The Trinity Site
This last weekend I visited the Trinity site in New Mexico, famed for being where the first atomic bomb was detonated on July 16th, 1945. It is open to the public twice a year, the first Saturday of April and October.
I stayed in Socorro Friday night. New Mexico Tech was on my short list of colleges so it was interesting to see it 20 some years later. I came to the conclusion that I made a good choice and probably wouldn’t have liked Socorro as much as Grinnell.
I got to the site pretty early Saturday morning, a little after 8am. Took about 15 minutes to get through the line at the entrance. The site is on the White Sands Missile Range so you have to show ID to get in and they tell you that you are not allowed to stop and take photos until you get to the ground zero site (they didn’t say anything about snapping pictures out of your window while driving there, however, so I have a few interesting photos!) You drive along and see all kinds of intersting things with weird names, probably acronyms and you can play the “Guess That Acroynym” game.
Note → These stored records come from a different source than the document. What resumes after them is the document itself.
(* Let $k$ be a field of characteristic $p>0$, $P$ a finite poset, $R=\mathcal{R}_k[J(P)]$ the Hibi ring and $\mathfrak{m}=R_+$. Then \[ \limsup_{e\to\infty}\frac{\nu(p^e)}{p^e}\ \le\ \operatorname{rank}^*P+2, \] where $\nu(p^e)=\max\{r\in\mathbb{N}\mid\mathfrak{m}^r\not\subseteq\mathfrak{m}^{[p^e]}\}$.
   Context: Let $P=\{p_1,\dots,p_N\}$ be a finite poset and $J(P)$ the set of poset ideals of $P$ (down-closed subsets, including $\emptyset$ and $P$). The Hibi ring is $\mathcal{R}_k[J(P)]=k[\,T\prod_{p_i\in I}X_i\mid I\in J(P)\,]\subseteq k[T,X_1,\dots,X_N]$, each generator in degree $1$; $\mathfrak{m}=R_+$ is generated by these generators; $\mathfrak{m}^{[q]}=(x^q\mid x\in\mathfrak{m})$. $x\lessdot y$ means $x<y$ with no $z$ satisfying $x<z<y$. A path is a sequence $C=(q_1,\dots,q_t)$ of distinct elements of $P$ with $q_1$ minimal in $P$, consecutive elements related by $q_i\lessdot q_{i+1}$ or $q_{i+1}\lessdot q_i$, and $q_{t-1}\lessdot q_t$ (when $t\ge2$); it is maximal if $q_t$ is maximal in $P$. For $1<i<t$, $q_i$ is locally maximal if $q_{i-1}\lessdot q_i$ and $q_{i+1}\lessdot q_i$, locally minimal if $q_i\lessdot q_{i-1}$ and $q_i\lessdot q_{i+1}$; $q_1$ counts as locally minimal and $q_t$ as locally maximal. The decomposition $C=A_1+D_1+\cdots+D_{n-1}+A_n$ splits $C$ into consecutive blocks: $A_1$ is $q_1$ through the first locally maximal element, $D_1$ the following elements through the next locally minimal element, $A_2$ the following elements through the next locally maximal element, etc., $A_n$ ending at $q_t$; $t(A_i)$ is the last element of $A_i$, $V(\cdot)$ the set of elements of a block, $\langle A\rangle=\{q\in P\mid q\le t(A)\}$, and $\langle A_i\setminus t(A_i)\rangle$ the poset ideal generated by the elements of $A_i$ other than $t(A_i)$. $C$ satisfies ( * ) if for all $1\le i\le n-1$: (1) $V(D_i)\cap(\bigcup_{m=1}^{i-1}\langle A_m\rangle\cup\langle A_i\setminus t(A_i)\rangle\cup\{t(A_i)\})=\emptyset$; (2) $V(A_{i+1})\cap\bigcup_{m=1}^{i}\langle A_m\rangle=\emptyset$. $\operatorname{len}^*C=\#\{i\mid q_i\lessdot q_{i+1}\}$, and $\operatorname{rank}^*P$ is the maximum of $\operatorname{len}^*C$ over maximal paths $C$ satisfying ( * ). *)

theory Defs
  imports Main "HOL-Library.Poly_Mapping" "HOL-Library.Liminf_Limsup" "HOL-Library.Extended_Real"
begin

section \<open>Combinatorics of the poset (the whole finite type 'a with its order)\<close>

definition covers :: "'a::order \<Rightarrow> 'a \<Rightarrow> bool" where
  "covers x y \<longleftrightarrow> x < y \<and> \<not> (\<exists>z. x < z \<and> z < y)"

text \<open>A path (q_1,...,q_t) is a nonempty list; positions are 0-based.\<close>
definition is_path :: "'a::order list \<Rightarrow> bool" where
  "is_path C \<longleftrightarrow> C \<noteq> [] \<and> distinct C \<and> (\<forall>z. \<not> z < hd C) \<and>
     (\<forall>i. Suc i < length C \<longrightarrow> covers (C!i) (C!Suc i) \<or> covers (C!Suc i) (C!i)) \<and>
     (length C \<ge> 2 \<longrightarrow> covers (C!(length C - 2)) (C!(length C - 1)))"

definition is_maximal_path :: "'a::order list \<Rightarrow> bool" where
  "is_maximal_path C \<longleftrightarrow> is_path C \<and> (\<forall>z. \<not> last C < z)"
lemma F_tail_le_tau: "measure F {w. \<bar>w\<bar> > s} \<le> tau s"
proof -
  define f where "f m w = min 1 (max 0 (real m * (\<bar>w\<bar> - s)))" for m :: nat and w :: real
  have fc: "continuous_on UNIV (f m)" for m unfolding f_def by (intro continuous_intros)
  have fm[measurable]: "f m \<in> borel_measurable borel" for m by (rule borel_measurable_continuous_onI[OF fc])
  have fb: "\<bar>f m w\<bar> \<le> 1" for m w unfolding f_def by auto
  have f_ind: "f m w \<le> indicator {w. \<bar>w\<bar> > s} w" for m w
    unfolding f_def by (cases "s < \<bar>w\<bar>") (auto simp: indicator_def mult_nonneg_nonpos)
  have le: "(\<integral>w. f m w \<partial>F) \<le> tau s" for m
  proof (rule tendsto_upperbound)
    have "bounded (range (f m))" unfolding bounded_iff by (intro exI[of _ 1]) (auto simp: fb)
    then show "((\<lambda>x. \<integral>y. f m (y - x) \<partial>(P x)) \<longlongrightarrow> (\<integral>w. f m w \<partial>F)) at_top"
      using weak fc by blast
    show "\<forall>\<^sub>F x in at_top. (\<integral>y. f m (y - x) \<partial>(P x)) \<le> tau s"
    proof (intro always_eventually allI)
      fix x
      interpret Px: prob_space "P x" by (rule prob_P)
      have "(\<integral>y. f m (y - x) \<partial>(P x)) \<le> (\<integral>y. indicator {y. \<bar>y - x\<bar> > s} y \<partial>(P x))"
        using f_ind fb by (intro integral_mono Px.integrable_const_bound[where B=1])
          (auto simp: indicator_def measurable_cong_sets[OF sets_P refl])
      also have "\<dots> = measure (P x) {y. \<bar>y - x\<bar> > s}"
        by (simp add: sets_eq_imp_space_eq[OF sets_P])
      also have "\<dots> \<le> tau s" using dom unfolding tau_def by blast
      finally show "(\<integral>y. f m (y - x) \<partial>(P x)) \<le> tau s" .
    qed
  qed simp
  have "(\<lambda>m. \<integral>w. f m w \<partial>F) \<longlonglongrightarrow> (\<integral>w. indicator {w. \<bar>w\<bar> > s} w \<partial>F)"
    using fb unfolding f_def
    by (intro integral_dominated_convergence[where w="\<lambda>_. 1"] AE_I2 abs_ramp_tendsto_indicator) auto
  then show ?thesis
    using le by (intro LIMSEQ_le_const2) (auto simp: sets_eq_imp_space_eq[OF sets_F])
qed

end

section \<open>The argument for a fixed test function\<close>

locale test_function = renewal_limit +
  fixes g :: "real \<Rightarrow> real" and R G :: real
  assumes g_cont: "continuous_on UNIV g" and g_nonneg: "\<And>x. 0 \<le> g x" and g_le: "\<And>x. g x \<le> G"
    and g_supp: "\<And>x. \<bar>x\<bar> > R \<Longrightarrow> g x = 0"
begin

interpretation F: prob_space F by (rule F(1))

lemma g_meas[measurable]: "g \<in> borel_measurable borel"
  by (rule borel_measurable_continuous_onI[OF g_cont])

lemma g_abs_le: "\<bar>g x\<bar> \<le> G" using g_nonneg g_le by (simp add: abs_of_nonneg)

lemma G_nonneg: "0 \<le> G" using g_nonneg[of 0] g_le[of 0] by simp

text \<open>gF s = E g(s + xi): the test function smoothed by the limit jump law, so that
  lam(gF) = (lam * F)(g); and gP s y = E g(y + xi(y) - s), the one-step average.\<close>
definition gF :: "real \<Rightarrow> real" where
  "gF s = (\<integral>w. g (s + w) \<partial>F)"

definition gP :: "real \<Rightarrow> real \<Rightarrow> real" where
  "gP s y = (\<integral>z. g (z - s) \<partial>P y)"

lemma gF_nonneg: "0 \<le> gF s" unfolding gF_def by (rule integral_nonneg_AE) (simp add: g_nonneg)

lemma gP_nonneg: "0 \<le> gP s y" unfolding gP_def by (rule integral_nonneg_AE) (simp add: g_nonneg)

lemma g_shift_integrable:
  assumes "prob_space N" "sets N = sets borel"
  shows "integrable N (\<lambda>z. g (z + a))"
proof -
  have "(\<lambda>z. g (z + a)) \<in> borel_measurable N"
    unfolding measurable_cong_sets[OF assms(2) refl] by measurable
  then show ?thesis by (rule prob_integral_abs_le(1)[OF assms(1)]) (rule g_abs_le)
qed

lemma gF_integrable: "integrable F (\<lambda>w. g (s + w))"
  using g_shift_integrable[OF F, of s] by (simp add: add.commute)

lemma gP_integrable: "integrable (P y) (\<lambda>z. g (z - s))"
  using g_shift_integrable[OF prob_P[of y] sets_P[of y], of "- s"] by simp

lemma average_g_tail:
  assumes N: "prob_space N" "sets N = sets borel"
    and tail: "measure N {z. \<bar>z - y\<bar> > \<bar>y - s\<bar> - R - 1} \<le> tau (\<bar>y - s\<bar> - R - 1)"
  shows "(\<integral>z. g (z - s) \<partial>N) \<le> G * tau (\<bar>y - s\<bar> - R - 1)"
proof -
  interpret N: prob_space N by (rule N(1))
  let ?E = "{z. \<bar>z - y\<bar> > \<bar>y - s\<bar> - R - 1}"
  have "(\<integral>z. g (z - s) \<partial>N) \<le> (\<integral>z. G * indicator ?E z \<partial>N)"
  proof (rule integral_mono)
    show "integrable N (\<lambda>z. g (z - s))" using g_shift_integrable[OF N, of "- s"] by simp
    show "integrable N (\<lambda>z. G * indicator ?E z)"
      by (intro N.integrable_const_bound[where B=G])
         (auto simp: G_nonneg indicator_def measurable_cong_sets[OF N(2) refl])
    show "g (z - s) \<le> G * indicator ?E z" for z
    proof (cases "z \<in> ?E")
      case False
      then have "\<bar>z - s\<bar> > R" by auto
      then show ?thesis using g_supp[of "z - s"] False by simp
    qed (simp add: g_le)
  qed
  also have "\<dots> = G * measure N ?E" by (simp add: sets_eq_imp_space_eq[OF N(2)] N(2))
  also have "\<dots> \<le> G * tau (\<bar>y - s\<bar> - R - 1)" by (intro mult_left_mono tail G_nonneg)
  finally show ?thesis .
qed

definition band :: "nat \<Rightarrow> real" where
  "band m = G * tau (real m - (R + 1))"
lemma orthonormal2_parseval:
  fixes u v x :: "real^2"
  assumes "norm u = 1" "norm v = 1" "u \<bullet> v = 0"
  shows "(u \<bullet> x)\<^sup>2 + (v \<bullet> x)\<^sup>2 = x \<bullet> x"
proof -
  have "x \<bullet> x = x \<bullet> ((u \<bullet> x) *\<^sub>R u + (v \<bullet> x) *\<^sub>R v)"
    using orthonormal2_expansion[OF assms] by simp
  then show ?thesis by (simp add: inner_add_right inner_commute power2_eq_square)
qed

lemma outer_mult_vec: "outer u w *v x = (w \<bullet> x) *\<^sub>R u"
  by (simp add: outer_def vec_eq_iff matrix_vector_mult_def inner_vec_def sum_distrib_left mult_ac)

lemma spectral_form_orthonormal:
  "spectral_form X l m u v \<Longrightarrow> norm u = 1 \<and> norm v = 1 \<and> u \<bullet> v = 0"
  by (simp add: spectral_form_def)

lemma spectral_form_sym2: "spectral_form X l m u v \<Longrightarrow> sym2 X"
  by (simp add: spectral_form_def sym2_def transpose_def outer_def vec_eq_iff mult.commute)

lemma spectral_form_mult_vec:
  "spectral_form X l m u v \<Longrightarrow> X *v x = (l * (u \<bullet> x)) *\<^sub>R u + (m * (v \<bullet> x)) *\<^sub>R v"
  by (simp add: spectral_form_def matrix_vector_mult_add_rdistrib outer_mult_vec
      scaleR_matrix_vector_assoc[symmetric])

lemma spectral_form_eigvecs:
  assumes "spectral_form X l m u v"
  shows "X *v u = l *\<^sub>R u" "X *v v = m *\<^sub>R v"
  using spectral_form_mult_vec[OF assms] spectral_form_orthonormal[OF assms]
  by (simp_all add: norm_eq_1 inner_commute)

lemma spectral_form_quadratic:
  "spectral_form X l m u v \<Longrightarrow> x \<bullet> (X *v x) = l * (u \<bullet> x)\<^sup>2 + m * (v \<bullet> x)\<^sup>2"
  by (simp add: spectral_form_mult_vec inner_add_right inner_commute power2_eq_square)

lemma spectral_form_quadratic_bounds:
  assumes "spectral_form X l m u v"
  shows "m * (x \<bullet> x) \<le> x \<bullet> (X *v x)" "x \<bullet> (X *v x) \<le> l * (x \<bullet> x)"
proof -
  have ml: "m \<le> l" using assms by (simp add: spectral_form_def)
  have parseval: "x \<bullet> x = (u \<bullet> x)\<^sup>2 + (v \<bullet> x)\<^sup>2"
    using spectral_form_orthonormal[OF assms] orthonormal2_parseval by metis
  show "m * (x \<bullet> x) \<le> x \<bullet> (X *v x)" "x \<bullet> (X *v x) \<le> l * (x \<bullet> x)"
    unfolding spectral_form_quadratic[OF assms] parseval distrib_left
    using ml by (simp_all add: mult_right_mono)
qed

lemma spectral_form_top_le:
  assumes "spectral_form X l m u v" "spectral_form X l' m' u' v'"
  shows "l \<le> l'" "m' \<le> m"
proof -
  have "norm u = 1" "norm v = 1" using assms(1) by (simp_all add: spectral_form_def)
  then have "u \<bullet> (X *v u) = l" "v \<bullet> (X *v v) = m"
    using spectral_form_eigvecs[OF assms(1)] by (simp_all add: norm_eq_1)
  with \<open>norm u = 1\<close> \<open>norm v = 1\<close> show "l \<le> l'" "m' \<le> m"
    using spectral_form_quadratic_bounds[OF assms(2)] by (metis norm_eq_1 mult_1_right)+
qed

lemma spectral_form_unique:
  "spectral_form X l m u v \<Longrightarrow> spectral_form X l' m' u' v' \<Longrightarrow> l' = l \<and> m' = m"
  by (meson order_antisym spectral_form_top_le)
(* Let $k$ be a non-archimedean local field of residue characteristic $2$ and let $B(x)=\sum_{i=1}^n a_i x_i^2$ be an anisotropic diagonal quadratic form on $k^n$ with $0\le\operatorname{ord} a_i\le 1$ for all $i$. Let $z=q^{-\beta}$, $w=zq^{-1}$, $u=z^2q^{-n}$, and let $T\ge0$ be an integer. Then \[ X^B(\beta;\varpi^{2T}) = \sum_{0\le\ell<2T+e+1} z^\ell X^B_\ell(\varpi^{2T}) + \frac{z^{2T+e+1}}{1-w}\,X^B_{2T+e+1}(\varpi^{2T}), \] \[ X^B(\beta;0) = \sum_{0\le\ell<e} z^\ell X^B_\ell(0) + \frac{z^e}{1-u}\,X^B_e(0) + \frac{z^{e+1}}{1-u}\,X^B_{e+1}(0). \]
   Context: $k$ has ring of integers $\mathfrak o$, uniformizer $\varpi$, residue field of cardinality $q$, absolute value normalized by $|\varpi|=q^{-1}$, normalized valuation $\operatorname{ord}$, and $e=\operatorname{ord}(2)$ is the ramification index. On $\mathfrak o^n$ use the additive Haar measure of total mass $1$. For $\rho\in\mathfrak o$ and integer $\ell\ge0$ set $X_\ell^B(\rho)=\operatorname{meas}\{x\in\mathfrak o^n: B(x)-\rho\in 2\varpi^\ell\mathfrak o\}$ and $X^B(\beta;\rho)=\sum_{\ell\ge0} z^\ell X^B_\ell(\rho)$ with $z=q^{-\beta}$ (a power series in $z$, convergent for $\operatorname{Re}\beta>0$). *)

theory Defs
  imports "HOL-Analysis.Analysis"
begin

text \<open>A normalized discrete valuation on a field (values on 0 are irrelevant junk).\<close>
definition discrete_valuation :: "('a::field \<Rightarrow> int) \<Rightarrow> bool" where
  "discrete_valuation v \<longleftrightarrow>
     (\<forall>x y. x \<noteq> 0 \<longrightarrow> y \<noteq> 0 \<longrightarrow> v (x * y) = v x + v y) \<and>
     (\<forall>x y. x \<noteq> 0 \<longrightarrow> y \<noteq> 0 \<longrightarrow> x + y \<noteq> 0 \<longrightarrow> min (v x) (v y) \<le> v (x + y)) \<and>
     (\<forall>m. \<exists>x. x \<noteq> 0 \<and> v x = m)"

definition val_ideal :: "('a::field \<Rightarrow> int) \<Rightarrow> int \<Rightarrow> 'a set" where
  "val_ideal v m = {x. x = 0 \<or> m \<le> v x}"

definition val_ring :: "('a::field \<Rightarrow> int) \<Rightarrow> 'a set" where
  "val_ring v = val_ideal v 0"

definition residue_rel :: "('a::field \<Rightarrow> int) \<Rightarrow> ('a \<times> 'a) set" where
  "residue_rel v = {(x, y). x \<in> val_ring v \<and> y \<in> val_ring v \<and> x - y \<in> val_ideal v 1}"

definition residue_field :: "('a::field \<Rightarrow> int) \<Rightarrow> 'a set set" where
  "residue_field v = val_ring v // residue_rel v"

definition val_complete :: "('a::field \<Rightarrow> int) \<Rightarrow> bool" where
  "val_complete v \<longleftrightarrow>
     (\<forall>s::nat \<Rightarrow> 'a. (\<forall>m. \<exists>N. \<forall>i\<ge>N. \<forall>j\<ge>N. s i - s j \<in> val_ideal v m) \<longrightarrow>
        (\<exists>L. \<forall>m. \<exists>N. \<forall>i\<ge>N. s i - L \<in> val_ideal v m))"

definition nonarch_local_field :: "('a::field \<Rightarrow> int) \<Rightarrow> bool" where
  "nonarch_local_field v \<longleftrightarrow>
     discrete_valuation v \<and> val_complete v \<and> finite (residue_field v)"

definition int_vectors :: "('a::field \<Rightarrow> int) \<Rightarrow> nat \<Rightarrow> (nat \<Rightarrow> 'a) set" where
  "int_vectors v n = PiE {..<n} (\<lambda>_. val_ring v)"

definition vec_ball :: "('a::field \<Rightarrow> int) \<Rightarrow> nat \<Rightarrow> (nat \<Rightarrow> 'a) \<Rightarrow> nat \<Rightarrow> (nat \<Rightarrow> 'a) set" where
  "vec_ball v n a m = {x \<in> int_vectors v n. \<forall>i<n. x i - a i \<in> val_ideal v (int m)}"

text \<open>M is the additive Haar measure on o^n of total mass 1: a measure on the Borel
  sets of o^n (generated by the balls) which is translation invariant and has mass 1.\<close>
definition haar_prob :: "('a::field \<Rightarrow> int) \<Rightarrow> nat \<Rightarrow> (nat \<Rightarrow> 'a) measure \<Rightarrow> bool" where
  "haar_prob v n M \<longleftrightarrow>
     space M = int_vectors v n \<and>
     sets M = sigma_sets (int_vectors v n) {vec_ball v n a m | a m. a \<in> int_vectors v n} \<and>
     emeasure M (space M) = 1 \<and>
     (\<forall>A\<in>sets M. \<forall>b\<in>int_vectors v n.
        emeasure M ((\<lambda>x. \<lambda>i\<in>{..<n}. x i + b i) ` A) = emeasure M A)"

definition diag_form :: "nat \<Rightarrow> (nat \<Rightarrow> 'a::field) \<Rightarrow> (nat \<Rightarrow> 'a) \<Rightarrow> 'a" where
  "diag_form n a x = (\<Sum>i<n. a i * x i ^ 2)"

definition XB :: "('a::field \<Rightarrow> int) \<Rightarrow> 'a \<Rightarrow> nat \<Rightarrow> (nat \<Rightarrow> 'a) \<Rightarrow> (nat \<Rightarrow> 'a) measure
    \<Rightarrow> 'a \<Rightarrow> nat \<Rightarrow> real" where
  "XB v uf n a M \<rho> l =
     measure M {x \<in> int_vectors v n. diag_form n a x - \<rho> \<in> (\<lambda>t. 2 * uf ^ l * t) ` val_ring v}"

end

theory Submission
  imports Defs
begin

text \<open>
  Both identities are summations of eventually geometric series, so everything rests on how
  \<open>X\<^sub>\<ell>\<close> behaves for large \<open>\<ell>\<close>.

  For \<open>\<rho> = \<varpi>\<^sup>2\<^sup>T\<close> and \<open>\<ell> \<ge> 2T + e + 1\<close>, split the set
  \<open>{x. B x \<equiv> \<rho> mod 2\<varpi>\<^sup>\<ell>}\<close> into \<open>q\<close> fibres according to the residue of
  \<open>(B x - \<rho>) / 2\<varpi>\<^sup>\<ell>\<close>. Near any point of the set some \<open>a\<^sub>i x\<^sub>i\<close> has valuation at most
  \<open>T + 1\<close>, so translating \<open>x\<^sub>i\<close> by \<open>\<varpi>\<^sup>k c\<close> changes this residue by \<open>u c\<close> with a unit \<open>u\<close>;
  translations preserve Haar measure, hence all fibres have equal measure and
  \<open>X\<^sub>\<ell>\<^sub>+\<^sub>1 = X\<^sub>\<ell> / q\<close>.

  For \<open>\<rho> = 0\<close>, if \<open>B y \<equiv> 0 mod 4\<varpi>\<^sup>2\<close> and some \<open>y\<^sub>i\<close> were a unit, then \<open>-B y / a\<^sub>i y\<^sub>i\<^sup>2\<close> is
  divisible by \<open>4\<varpi>\<close>, so \<open>1 - B y / a\<^sub>i y\<^sub>i\<^sup>2\<close> is a square by Hensel's lemma, and rescaling
  \<open>y\<^sub>i\<close> by its square root gives a nontrivial zero of \<open>B\<close>. Hence for \<open>\<ell> \<ge> e\<close> the level
  \<open>\<ell> + 2\<close> set is \<open>\<varpi>\<close> times the level \<open>\<ell>\<close> set and \<open>X\<^sub>\<ell>\<^sub>+\<^sub>2 = q\<^sup>-\<^sup>n X\<^sub>\<ell>\<close>.
\<close>

lemma summable_power_mult_bounded:
  fixes X :: "nat \<Rightarrow> real" and z :: complex
  assumes z: "norm z < 1" and bounded: "\<And>l. \<bar>X l\<bar> \<le> C"
  shows "summable (\<lambda>l. z ^ l * of_real (X l))"
proof (rule summable_comparison_test)
  show "\<exists>N. \<forall>l\<ge>N. norm (z ^ l * of_real (X l)) \<le> C * norm z ^ l"
  proof (intro exI allI impI)
    fix l
    show "norm (z ^ l * of_real (X l)) \<le> C * norm z ^ l"
      using mult_right_mono[OF bounded[of l], of "norm z ^ l"] by (simp add: norm_mult norm_power mult.commute)
  qed
  show "summable (\<lambda>l. C * norm z ^ l)"
    using z by (intro summable_mult summable_geometric) simp
qed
There was no line for the bus when I got there, so I boarded and went to the Schmid/McDougal House. This unassuming ranch house is where the plutonium core of the bomb underwent final assembly.
Here is the room where it happened.
One thing that impressed me is the solemness of the occasion. People spoke softly and showed a lot of respect for the house and the site. There are some displays in the house with old pictures from the summer of ’45 and information on the family who built the house and its history.
Then back on the bus to go to ground zero. In the parking lot are a couple of small booths, one stocking primarily books on the atomic bomb and another with the Trinity t-shirts and baseball caps. A food vendor is also set up there (along with the obligatory porta potties).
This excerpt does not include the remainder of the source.